Which of these linear maps $(v,u): R^2\to R$ is a scalar multiplication. Provide arguments for your answer.

1. $(v, u) = ((x_1, y_1),(x_2, y_2)) = x_1\cdot y_1 + x_2\cdot y_2$
2. $(v, u) = ((x_1, y_1),(x_2, y_2)) = x_1\cdot x_2-y_1\cdot y_2$

How linear map is related to the scalar multiplication? As far as I see it, none of these linear maps produce scalar multiplication, since it has to be:

$(v, u) = ((x_1, y_1),(x_2, y_2)) = x_1\cdot x_2+y_1\cdot y_2$

but I think I am wrong here.

Answer 1

Answer to your question depends on the definition of what you call scalar multiplication. Let me suggest few possible definitions and give corresponding answers.

Mostly, by scalar multiplication we mean endomorphism of some vector space given by multiplying an element of this space by some number (this number is taken from the number field over which the space is defined). Say we take $\mathbb{R}^n$. In this definition then, the scalar multiplication looks like $\lambda \colon \mathbb{R}^n \rightarrow \mathbb{R}^n$, where $\lambda \in \mathbb{R}$, and the map acts on vectors as $$\lambda (u_1, u_2, \dots, u_n) = ( \lambda u_1, \lambda u_2, \dots, \lambda u_n) \ . $$ You see that this is something very different from the scalar multiplication you are talking about (I guess). If not, the answer to your question is: neither of 1. or 2. is scalar multiplication, since the domain and codomain of the map does not have the same dimension.

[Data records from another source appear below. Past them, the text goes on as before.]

(* Let $X$ be a subshift over a finite alphabet such that (i) there is $N$ such that every right special factor $w$ of $\mathcal{L}(X)$ with $|w|\ge N$ admits a letter $c$ such that $wc$ is right special in $\mathcal{L}(X)$; and (ii) right special words are dense in $X$: for every $\mathbf{x}\in X$ and every $n$, some right special factor of $\mathcal{L}(X)$ has $\mathbf{x}[0,n-1]$ as a prefix. Then the winning shift $W(X)$ has infinite coding dimension.
   Context: Subshifts are one-sided closed shift-invariant subsets of $A^{\mathbb{N}}$; $\mathcal{L}(X)$ is the set of finite factors of elements of $X$. A word $w\in\mathcal{L}(X)$ is right special if $wa,wb\in\mathcal{L}(X)$ for two distinct letters $a,b$. Winning shift: for a choice sequence $\alpha=\alpha_0\alpha_1\cdots\in\{0,\dots,|A|-1\}^{\mathbb{N}}$, Alice and Bob play infinitely many rounds; in round $j$ Alice chooses $A_j\subseteq A$ with $|A_j|=\alpha_j+1$ and Bob chooses $a_j\in A_j$; Alice wins if $a_0a_1\cdots\in X$. $W(X)$ is the set of $\alpha$ for which Alice has a winning strategy. Infinite coding dimension: there is no $d$ with $\sum_i y_i\le d$ for all $\mathbf{y}\in W(X)$. *)

theory Defs
  imports Main
begin

text \<open>A subshift over the finite alphabet A: a nonempty set of A-valued sequences that is
closed in the product topology (written out via cylinders: a sequence all of whose prefixes
are prefixes of elements of X belongs to X) and invariant under the shift.\<close>
definition subshift :: "'a set \<Rightarrow> (nat \<Rightarrow> 'a) set \<Rightarrow> bool" where
  "subshift A X \<longleftrightarrow>
     finite A \<and> X \<noteq> {} \<and>
     (\<forall>x\<in>X. \<forall>i. x i \<in> A) \<and>
     (\<forall>x. (\<forall>n. \<exists>y\<in>X. \<forall>i<n. y i = x i) \<longrightarrow> x \<in> X) \<and>
     (\<forall>x\<in>X. (\<lambda>i. x (Suc i)) \<in> X)"

definition lang :: "(nat \<Rightarrow> 'a) set \<Rightarrow> 'a list set" where
  "lang X = {w. \<exists>x\<in>X. \<exists>k. w = map x [k..<k + length w]}"

definition right_special :: "(nat \<Rightarrow> 'a) set \<Rightarrow> 'a list \<Rightarrow> bool" where
  "right_special X w \<longleftrightarrow> (\<exists>a b. a \<noteq> b \<and> w @ [a] \<in> lang X \<and> w @ [b] \<in> lang X)"

text \<open>Winning shift: alpha is a choice sequence with values in {0,...,|A|-1}; Alice's strategy
maps the history of Bob's previous letters to a subset of A of size alpha_j + 1; she wins
if every play consistent with her strategy lies in X.\<close>
definition winning_shift :: "'a set \<Rightarrow> (nat \<Rightarrow> 'a) set \<Rightarrow> (nat \<Rightarrow> nat) set" where
  "winning_shift A X =
     {\<alpha>. (\<forall>i. \<alpha> i < card A) \<and>
          (\<exists>\<sigma> :: 'a list \<Rightarrow> 'a set.
             (\<forall>h. \<sigma> h \<subseteq> A \<and> card (\<sigma> h) = \<alpha> (length h) + 1) \<and>
             (\<forall>a. (\<forall>j. a j \<in> \<sigma> (map a [0..<j])) \<longrightarrow> a \<in> X))}"

text \<open>Infinite coding dimension: no d bounds the sums of all elements of W (sums of
nonnegative integers, expressed through partial sums).\<close>
definition infinite_coding_dimension :: "(nat \<Rightarrow> nat) set \<Rightarrow> bool" where
  "infinite_coding_dimension W \<longleftrightarrow> \<not> (\<exists>d::nat. \<forall>y\<in>W. \<forall>n. (\<Sum>i<n. y i) \<le> d)"

end

(* Call a right special word long if its length is at least N; by (i) every long right special
   word extends to long right special words of every greater length. By (ii), and since only
   finitely many words of a given length L occur, there is a horizon beyond which every word
   of length L extends to a long right special word of any prescribed length. Choosing levels
   each beyond the horizon of the previous one plus one, Alice keeps the play inside the tree
   of words that pass through long right special words at every level: at a level she offers
   the two letters that follow the right special word, elsewhere a single letter. Every play
   then has all its prefixes in the language, so it lies in the closed set X, and the
   choice sequence has a one at each of the infinitely many levels. *)

theory Submission
  imports Defs "HOL-Library.Sublist"
begin

lemma lang_prefix:
  assumes "prefix u w" "w \<in> lang X"
  shows "u \<in> lang X"
proof -
  obtain x k where x: "x \<in> X" "w = map x [k..<k + length w]"
    using assms(2) unfolding lang_def by blast
  have "length u \<le> length w" using assms(1) by (rule prefix_length_le)
  moreover have "u = take (length u) (map x [k..<k + length w])"
    using assms(1) x(2) by (metis append_eq_conv_conj prefix_def)
  ultimately have "u = map x [k..<k + length u]" by (simp add: take_map take_upt)
  then show ?thesis using x(1) unfolding lang_def by blast
qed

lemma lang_letters:
  assumes "subshift A X" "w \<in> lang X"
  shows "set w \<subseteq> A"
proof -
  obtain x k where x: "x \<in> X" "w = map x [k..<k + length w]"
    using assms(2) unfolding lang_def by blast
  then have "set w = x ` set [k..<k + length w]" by (metis set_map)
  then show ?thesis using assms(1) x(1) unfolding subshift_def by auto
qed

lemma subshift_shift_iterate:
  assumes "subshift A X" "x \<in> X"
  shows "(\<lambda>i. x (i + k)) \<in> X"
proof (induction k)
  case 0
  then show ?case using assms(2) by simp
next
  case (Suc k)
  then have "(\<lambda>i. x (Suc i + k)) \<in> X" using assms(1) unfolding subshift_def by auto
  then show ?case by simp
qed

lemma lang_imp_initial_segment:
  assumes "subshift A X" "w \<in> lang X"
  shows "\<exists>y\<in>X. map y [0..<length w] = w"
proof -
  obtain x k where x: "x \<in> X" "w = map x [k..<k + length w]"
    using assms(2) unfolding lang_def by blast
  have "map (\<lambda>i. x (i + k)) [0..<length w] = map x [k..<k + length w]"
    by (intro nth_equalityI) (auto simp: add.commute)
  then show ?thesis using subshift_shift_iterate[OF assms(1) x(1)] x(2) by metis
qed
lemma exists_dominant_eigenbasis:
  assumes "0 < n"
  shows "\<exists>U' k0. dominant_eigenbasis n a U' d k0"
proof -
  have "Max (d ` {..<n}) \<in> d ` {..<n}"
    using \<open>0 < n\<close> by (intro Max_in) auto
  then obtain k1 where k1: "k1 < n" "d k1 = Max (d ` {..<n})"
    by auto
  have maximal: "d p \<le> d k1" if "p < n" for p
    unfolding k1(2) using that by (intro Max_ge) auto
  obtain c where c: "c * c = 1" "\<forall>i<n. U i k1 = c * \<bar>U i k1\<bar>"
    using top_eigenspace_col[OF k1(1) maximal k1(1) refl] by blast
  let ?U' = "\<lambda>i j. (if j = k1 then c else 1) * U i j"
  have "dominant_eigenbasis n a ?U' d k1"
  proof unfold_locales
    show "diagonalizes n a ?U' d"
      by (rule diagonalizes_scale_col[OF diag c(1)])
    show "d k < d k1" if "k < n" "k \<noteq> k1" for k
      using maximal[OF that(1)] top_eigenvalue_simple[OF k1(1) maximal that(1)] that(2) by fastforce
    show "0 < ?U' i k1" if "i < n" for i
    proof -
      have "U i k1 = c * \<bar>U i k1\<bar>"
        using c(2) that by blast
      then have "c * U i k1 = c * c * \<bar>U i k1\<bar>"
        by (simp only: mult.assoc)
      then show ?thesis
        using c(1) top_eigenvector_abs(2)[OF k1(1) maximal that] by simp
    qed
  qed (use sym k1 in auto)
  then show ?thesis
    by (intro exI)
qed

end

theorem perron_frobenius_symmetric:
  assumes "0 < n" "sym_mat n a" "irreducible_metzler n a"
  shows "\<exists>U d k0. dominant_eigenbasis n a U d k0"
proof -
  obtain U d where "diagonalizes n a U d"
    using sym_mat_diagonalizable[OF assms(2)] by blast
  then interpret metzler_eigenbasis n a U d
    using assms by (intro_locales) (simp_all add: sym_eigenbasis_def irreducible_metzler_def)
  show ?thesis
    using exists_dominant_eigenbasis[OF assms(1)] by blast
qed

section \<open>The index set \<open>T\<^sub>N\<close>\<close>

lemma tn_list_Suc: "tn_list (Suc N) = tn_list N @ map (\<lambda>j. (j, N)) [0..<Suc N]"
  unfolding tn_list_def by simp

lemma set_tn_list: "set (tn_list N) = TN N"
  by (induction N) (auto simp: tn_list_Suc, auto simp: tn_list_def TN_def)

lemma distinct_tn_list: "distinct (tn_list N)"
proof (induction N)
  case (Suc N)
  have "set (tn_list N) \<inter> set (map (\<lambda>j. (j, N)) [0..<Suc N]) = {}"
    unfolding set_tn_list TN_def by auto
  with Suc show ?case
    unfolding tn_list_Suc by (auto simp: distinct_map inj_on_def)
qed (simp add: tn_list_def)

lemma finite_TN [simp]: "finite (TN N)"
  unfolding set_tn_list[symmetric] by simp

lemma nth_tn_list_in_TN: "k < length (tn_list N) \<Longrightarrow> tn_list N ! k \<in> TN N"
  using nth_mem set_tn_list by blast

lemma nth_tn_list_eq_iff:
  "i < length (tn_list N) \<Longrightarrow> k < length (tn_list N) \<Longrightarrow> tn_list N ! i = tn_list N ! k \<longleftrightarrow> i = k"
  by (rule nth_eq_iff_index_eq[OF distinct_tn_list])

lemma TN_obtain_index:
  assumes "p \<in> TN N"
  obtains k where "k < length (tn_list N)" "p = tn_list N ! k"
  using assms unfolding set_tn_list[symmetric] by (metis in_set_conv_nth)

definition TN_index :: "nat \<Rightarrow> nat \<times> nat \<Rightarrow> nat"
  where "TN_index N = the_inv_into {..<length (tn_list N)} (\<lambda>k. tn_list N ! k)"

lemma inj_on_nth_tn_list: "inj_on (\<lambda>k. tn_list N ! k) {..<length (tn_list N)}"
  by (auto simp: inj_on_def nth_tn_list_eq_iff)

lemma image_nth_tn_list: "(\<lambda>k. tn_list N ! k) ` {..<length (tn_list N)} = TN N"
  unfolding set_tn_list[symmetric] by (auto simp: set_conv_nth)

lemma TN_index_nth [simp]: "k < length (tn_list N) \<Longrightarrow> TN_index N (tn_list N ! k) = k"
  unfolding TN_index_def by (simp add: the_inv_into_f_f[OF inj_on_nth_tn_list])

lemma nth_TN_index [simp]: "p \<in> TN N \<Longrightarrow> tn_list N ! TN_index N p = p"
  unfolding TN_index_def using f_the_inv_into_f[OF inj_on_nth_tn_list] image_nth_tn_list by metis

lemma TN_index_less: "p \<in> TN N \<Longrightarrow> TN_index N p < length (tn_list N)"
  unfolding TN_index_def using the_inv_into_into[OF inj_on_nth_tn_list] image_nth_tn_list by blast

lemma sum_TN_reindex: "(\<Sum>p\<in>TN N. f p) = (\<Sum>k<length (tn_list N). f (tn_list N ! k))"
  unfolding image_nth_tn_list[symmetric] by (simp add: sum.reindex[OF inj_on_nth_tn_list])

lemma sv_sym: "sv S j l = sv S l j"
  unfolding sv_def by auto

lemma sv_TN: "p \<in> TN N \<Longrightarrow> S p = sv S (fst p) (snd p)"
  unfolding TN_def sv_def by auto

lemma sum_TN_sym:
  fixes h :: "nat \<Rightarrow> nat \<Rightarrow> real"
  assumes sym: "\<And>j l. j < N \<Longrightarrow> l < N \<Longrightarrow> h j l = h l j"
  shows "2 * (\<Sum>p\<in>TN N. h (fst p) (snd p)) = (\<Sum>j<N. \<Sum>l<N. h j l) + (\<Sum>j<N. h j j)"
proof -
  define A where "A = {(j, l). j < l \<and> l < N}"
  define D where "D = (\<lambda>j. (j, j)) ` {..<N}"
  define g where "g p = h (fst p) (snd p)" for p
  have fin: "finite A" "finite (prod.swap ` A)" "finite D"
    by (auto intro: finite_subset[of _ "{..<N} \<times> {..<N}"] simp: A_def D_def)
  have "sum g (prod.swap ` A) = sum g A"
    by (subst sum.reindex) (auto simp: g_def A_def sym intro!: sum.cong)
  moreover have "sum g D = (\<Sum>j<N. h j j)"
    unfolding D_def g_def by (subst sum.reindex) (auto simp: inj_on_def)
  moreover have "(\<Sum>j<N. \<Sum>l<N. h j l) = sum g (A \<union> D \<union> prod.swap ` A)"
  proof -
    have "{..<N} \<times> {..<N} = A \<union> D \<union> prod.swap ` A"
      unfolding A_def D_def by auto
    then show ?thesis
      unfolding g_def sum.cartesian_product by (simp add: case_prod_unfold)
  qed
  moreover have "TN N = A \<union> D"
    unfolding TN_def A_def D_def by auto
  moreover have "A \<inter> D = {}" "(A \<union> D) \<inter> prod.swap ` A = {}"
    unfolding A_def D_def by auto
  ultimately show ?thesis
    using fin by (simp add: sum.union_disjoint g_def)
qed

lemma sum_TN_second_moments:
  "(\<Sum>p\<in>TN N. W p * ((2 - (if fst p = snd p then 1 else 0)) * q (fst p) * q (snd p)))
     = (\<Sum>j<N. \<Sum>l<N. sv W j l * q j * q l)"
proof -
  define h where "h j l = sv W j l * q j * q l" for j l
  have diag: "(\<Sum>p\<in>TN N. if fst p = snd p then h (fst p) (snd p) else 0) = (\<Sum>j<N. h j j)"
  proof -
    have "{p \<in> TN N. fst p = snd p} = (\<lambda>j. (j, j)) ` {..<N}"
      unfolding TN_def by auto
    then show ?thesis
      by (simp add: sum.inter_filter[symmetric] sum.reindex inj_on_def)
  qed
  have "(\<Sum>p\<in>TN N. W p * ((2 - (if fst p = snd p then 1 else 0)) * q (fst p) * q (snd p)))
      = 2 * (\<Sum>p\<in>TN N. h (fst p) (snd p)) - (\<Sum>p\<in>TN N. if fst p = snd p then h (fst p) (snd p) else 0)"
    unfolding sum_distrib_left sum_subtractf[symmetric]
    by (intro sum.cong refl) (auto simp: h_def sv_TN[of _ N W] algebra_simps)
  also have "\<dots> = (\<Sum>j<N. \<Sum>l<N. h j l)"
    unfolding diag by (subst sum_TN_sym) (auto simp: h_def sv_sym)
  finally show ?thesis
    unfolding h_def .
qed

section \<open>The matrix of \<open>\<Theta> - \<Psi>\<close>\<close>

definition TN_basis :: "nat \<times> nat \<Rightarrow> nat \<times> nat \<Rightarrow> real"
  where "TN_basis q = (\<lambda>p. if p = q then 1 else 0)"

definition moment_matrix :: "nat \<Rightarrow> (nat \<Rightarrow> nat \<Rightarrow> real) \<Rightarrow> (nat \<Rightarrow> real) \<Rightarrow> nat \<Rightarrow> nat \<Rightarrow> real"
  where "moment_matrix N \<Gamma> \<Lambda> i k = ThetaPsi N \<Gamma> \<Lambda> (TN_basis (tn_list N ! k)) (tn_list N ! i)"

lemma ThetaPsi_cong:
  assumes "\<And>q. q \<in> TN N \<Longrightarrow> S q = S' q" and "p \<in> TN N"
  shows "ThetaPsi N \<Gamma> \<Lambda> S p = ThetaPsi N \<Gamma> \<Lambda> S' p"
proof -
  have sv: "sv S x y = sv S' x y" if "x < N" "y < N" for x y
    using assms(1) that unfolding sv_def TN_def by auto
  obtain j l where p: "p = (j, l)" "j < N" "l < N"
    using assms(2) unfolding TN_def by auto
  then show ?thesis
    unfolding ThetaPsi_def Theta_def Psi_def by (auto simp: sv intro!: sum.cong)
qed

lemma ThetaPsi_zero: "ThetaPsi N \<Gamma> \<Lambda> (\<lambda>q. 0) p = 0"
  and ThetaPsi_add: "ThetaPsi N \<Gamma> \<Lambda> (\<lambda>q. S q + S' q) p = ThetaPsi N \<Gamma> \<Lambda> S p + ThetaPsi N \<Gamma> \<Lambda> S' p"
  and ThetaPsi_scale: "ThetaPsi N \<Gamma> \<Lambda> (\<lambda>q. c * S q) p = c * ThetaPsi N \<Gamma> \<Lambda> S p"
proof -
  have "sv (\<lambda>q. 0) j l = 0" "sv (\<lambda>q. S q + S' q) j l = sv S j l + sv S' j l"
    "sv (\<lambda>q. c * S q) j l = c * sv S j l" for j l
    unfolding sv_def by simp_all
  then show "ThetaPsi N \<Gamma> \<Lambda> (\<lambda>q. 0) p = 0"
    and "ThetaPsi N \<Gamma> \<Lambda> (\<lambda>q. S q + S' q) p = ThetaPsi N \<Gamma> \<Lambda> S p + ThetaPsi N \<Gamma> \<Lambda> S' p"
    and "ThetaPsi N \<Gamma> \<Lambda> (\<lambda>q. c * S q) p = c * ThetaPsi N \<Gamma> \<Lambda> S p"
    unfolding ThetaPsi_def Theta_def Psi_def
    by (simp_all add: case_prod_unfold sum_distrib_left algebra_simps flip: sum.distrib)
qed

lemma ThetaPsi_sum:
  "finite K \<Longrightarrow> ThetaPsi N \<Gamma> \<Lambda> (\<lambda>q. \<Sum>k\<in>K. c k * F k q) p = (\<Sum>k\<in>K. c k * ThetaPsi N \<Gamma> \<Lambda> (F k) p)"
  by (induction K rule: finite_induct) (simp_all add: ThetaPsi_zero ThetaPsi_add ThetaPsi_scale)

lemma TN_basis_expansion:
  assumes "q \<in> TN N"
  shows "(\<Sum>k<length (tn_list N). S (tn_list N ! k) * TN_basis (tn_list N ! k) q) = S q"
proof -
  obtain i where i: "i < length (tn_list N)" "q = tn_list N ! i"
    using TN_obtain_index[OF assms] .
  then have "(\<Sum>k<length (tn_list N). S (tn_list N ! k) * TN_basis (tn_list N ! k) q)
      = (\<Sum>k<length (tn_list N). if k = i then S q else 0)"
    by (intro sum.cong refl) (auto simp: TN_basis_def nth_tn_list_eq_iff)
  with i(1) show ?thesis
    by simp
qed

lemma ThetaPsi_nth:
  assumes "i < length (tn_list N)"
  shows "ThetaPsi N \<Gamma> \<Lambda> S (tn_list N ! i)
           = mapply (length (tn_list N)) (moment_matrix N \<Gamma> \<Lambda>) (\<lambda>k. S (tn_list N ! k)) i"
proof -
  let ?ts = "tn_list N"
  have "ThetaPsi N \<Gamma> \<Lambda> S (?ts ! i)
      = ThetaPsi N \<Gamma> \<Lambda> (\<lambda>q. \<Sum>k<length ?ts. S (?ts ! k) * TN_basis (?ts ! k) q) (?ts ! i)"
    by (rule ThetaPsi_cong) (simp_all add: TN_basis_expansion nth_tn_list_in_TN assms)
  then show ?thesis
    by (simp add: ThetaPsi_sum mapply_def moment_matrix_def mult.commute)
qed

If the scalar multiplication stands for the inner product, then the question makes a better sense but I have never seen the inner product be called scalar multiplication. Synonyms for the inner product may be scalar product or dot product. This names refers to a positive-definite symmetric bilinear form. If we fix our attention to the case of $\mathbb{R}^n$), this inner/scalar product thing is a map $f \colon \mathbb{R}^n \rightarrow \mathbb{R}^n$ which satisfies certain axioms (see this wiki article for their precise form). If we use this definition for your "scalar multiplication" then neither one of the given maps is a scalar product. It satisfies bilinearity as well as the symmetry but fails on positive-definiteness since for $u = (0,1)$ we obtain $$ ((0,1),(0,1)) = -1 \ .$$ The last thing sensible to me to consider is the definition of a pseudo-inner product which keeps all the axioms of an inner product but the axiom of positive-definiteness. The second of your maps actually is a pseudo-inner product (the first is not since it fails to be bilinear). Nevertheless, this last option seems to me the most improbable because calling a pseudo-inner product a scalar multiplication would be completely missleading.

I hope a provided at least some answers and hints for you to be able to solve the problem.

Answer 2

Ok, so I learned from my algebra theacher that scalar multiplication, or scalar product (might be a translation issue, since I am translating from my native language (Lithuanian)) here is meant by such a map between two objects $(.,.): V*V\to R$, where $V$ is a vector space, that satisfies the following five conditions:

1. $(v_1+v_2, u) = (v_1,u) + (v_2,u) , \forall v_1,v_2,u \in V$
2. $(v,u) = (u,v), \forall u, v \in V $
3. $(av, u) = a(v,u)$
4. $(v,v) \ge 0, \forall v \in V $
5. $(v,v) = 0 \iff v = 0 $ (zeroeth element)

What remains is just to test the two parts of the exercise against these conditions.

It seems that the vector space with such scalar multiplication is called Euclidean space.

P.S. Do not hesitate to correct me here, I've just written what I have from my algebra exercise book. There might be discrepancies between terms and definitions.